=== Input data ===

(* The forcing notion $Q_*$ is forcing equivalent to Sacks forcing.
   Context: Terms. Fix a set $X$ of variable symbols, each taking values in $\{0,1\}$. An $X$-term $t$ is given by a finite sequence of variables $(v_0,\dots,v_{l-1})$ ($l\ge0$) and a function $f:2^l\to2$; a variable $v$ is identified with the term $((v),\mathrm{id})$. An assignment is a function $a:X\to2$; it extends to terms by $t\circ a=f(v_0\circ a,\dots,v_{l-1}\circ a)$. A substitution $\phi$ maps each variable to an $X$-term; $t\circ\phi$ is obtained by replacing each variable $v$ in $t$ by $\phi(v)$, and for a family $\bar t=(t_i)$, $\bar t\circ\phi=(t_i\circ\phi)$. Terms are identified modulo $t=^*s$ iff $t\circ a=s\circ a$ for all assignments $a$. A term depends only on variables in $Y$ if it is $=^*$ to a term using only variables from $Y$. A term or variable $s$ is determined by terms $t_0,\dots,t_n$ if for all assignments $a,b$, $(t_i\circ a)_{i\le n}=(t_i\circ b)_{i\le n}$ implies $s\circ a=s\circ b$. Let $\tau(n,m)=n+\tfrac12(n+m)(n+m+1)$ and $(i,j)\unlhd(n,m)$ iff $\tau(i,j)\le\tau(n,m)$. With $X=\{x_{i,j}:i,j\in\omega\}$, $Q_*$ is the set of squares $\bar t=(t_{n,m})_{n,m\in\omega}$ of terms such that (1) $t_{n,m}$ depends only on variables $x_{i,j}$ with $(i,j)\unlhd(n,m)$, and (2) each $x_{i,j}$ is determined by finitely many $t_{n,m}$. An element $\phi\in Q_*$ is regarded as the substitution $x_{i,j}\mapsto\phi_{i,j}$; $\bar t\le\bar s$ iff there is $\phi\in Q_*$ with $\bar t=\bar s\circ\phi$. Sacks forcing is the set of perfect subtrees of $2^{<\omega}$ ordered by inclusion. *)

theory Defs
  imports Main "HOL-Library.Sublist"
begin

text \<open>An X-term is a finite sequence of variables (v_0,...,v_(l-1)) together with
a function f : 2^l -> 2, represented as a function on bool lists (only its values on
lists of length l matter).\<close>
type_synonym 'v trm = "'v list \<times> (bool list \<Rightarrow> bool)"

definition var_trm :: "'v \<Rightarrow> 'v trm" where
  "var_trm v = ([v], \<lambda>bs. hd bs)"

definition eval_trm :: "'v trm \<Rightarrow> ('v \<Rightarrow> bool) \<Rightarrow> bool" where
  "eval_trm t a = snd t (map a (fst t))"

fun chunks :: "'v trm list \<Rightarrow> bool list \<Rightarrow> bool list" where
  "chunks [] bs = []"
| "chunks (t # ts) bs = snd t (take (length (fst t)) bs) # chunks ts (drop (length (fst t)) bs)"

definition subst_trm :: "'v trm \<Rightarrow> ('v \<Rightarrow> 'v trm) \<Rightarrow> 'v trm" where
  "subst_trm t \<phi> = (concat (map (\<lambda>v. fst (\<phi> v)) (fst t)),
                     \<lambda>bs. snd t (chunks (map \<phi> (fst t)) bs))"

definition trm_eq :: "'v trm \<Rightarrow> 'v trm \<Rightarrow> bool" (infix "=\<^sup>*" 50) where
  "t =\<^sup>* s \<longleftrightarrow> (\<forall>a. eval_trm t a = eval_trm s a)"

definition depends_only :: "'v trm \<Rightarrow> 'v set \<Rightarrow> bool" where
  "depends_only t Y \<longleftrightarrow> (\<exists>s. set (fst s) \<subseteq> Y \<and> t =\<^sup>* s)"

type_synonym idx = "nat \<times> nat"
type_synonym square = "idx \<Rightarrow> idx trm"

definition tau :: "idx \<Rightarrow> nat" where
  "tau p = fst p + ((fst p + snd p) * (fst p + snd p + 1)) div 2"

definition tri_le :: "idx \<Rightarrow> idx \<Rightarrow> bool" where
  "tri_le p q \<longleftrightarrow> tau p \<le> tau q"

definition var_determined_by :: "idx \<Rightarrow> square \<Rightarrow> idx set \<Rightarrow> bool" where
  "var_determined_by x t F \<longleftrightarrow>
     (\<forall>a b. (\<forall>p\<in>F. eval_trm (t p) a = eval_trm (t p) b) \<longrightarrow> a x = b x)"

definition Qstar :: "square set" where
  "Qstar = {t. (\<forall>p. depends_only (t p) {x. tri_le x p})
              \<and> (\<forall>x. \<exists>F. finite F \<and> var_determined_by x t F)}"

definition subst_square :: "square \<Rightarrow> square \<Rightarrow> square" where
  "subst_square s \<phi> = (\<lambda>p. subst_trm (s p) \<phi>)"

definition Qstar_le :: "square \<Rightarrow> square \<Rightarrow> bool" where
  "Qstar_le t s \<longleftrightarrow> (\<exists>\<phi>\<in>Qstar. \<forall>p. t p =\<^sup>* subst_square s \<phi> p)"

definition perfect_tree :: "bool list set \<Rightarrow> bool" where
  "perfect_tree T \<longleftrightarrow> T \<noteq> {}
     \<and> (\<forall>s\<in>T. \<forall>u. prefix u s \<longrightarrow> u \<in> T)
     \<and> (\<forall>s\<in>T. \<exists>u. prefix s u \<and> u @ [False] \<in> T \<and> u @ [True] \<in> T)"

===

Lines with the string "lists": pick each one out of the material and return it.

◆ **Task response**
a function f : 2^l -> 2, represented as a function on bool lists (only its values on
lists of length l matter).\<close>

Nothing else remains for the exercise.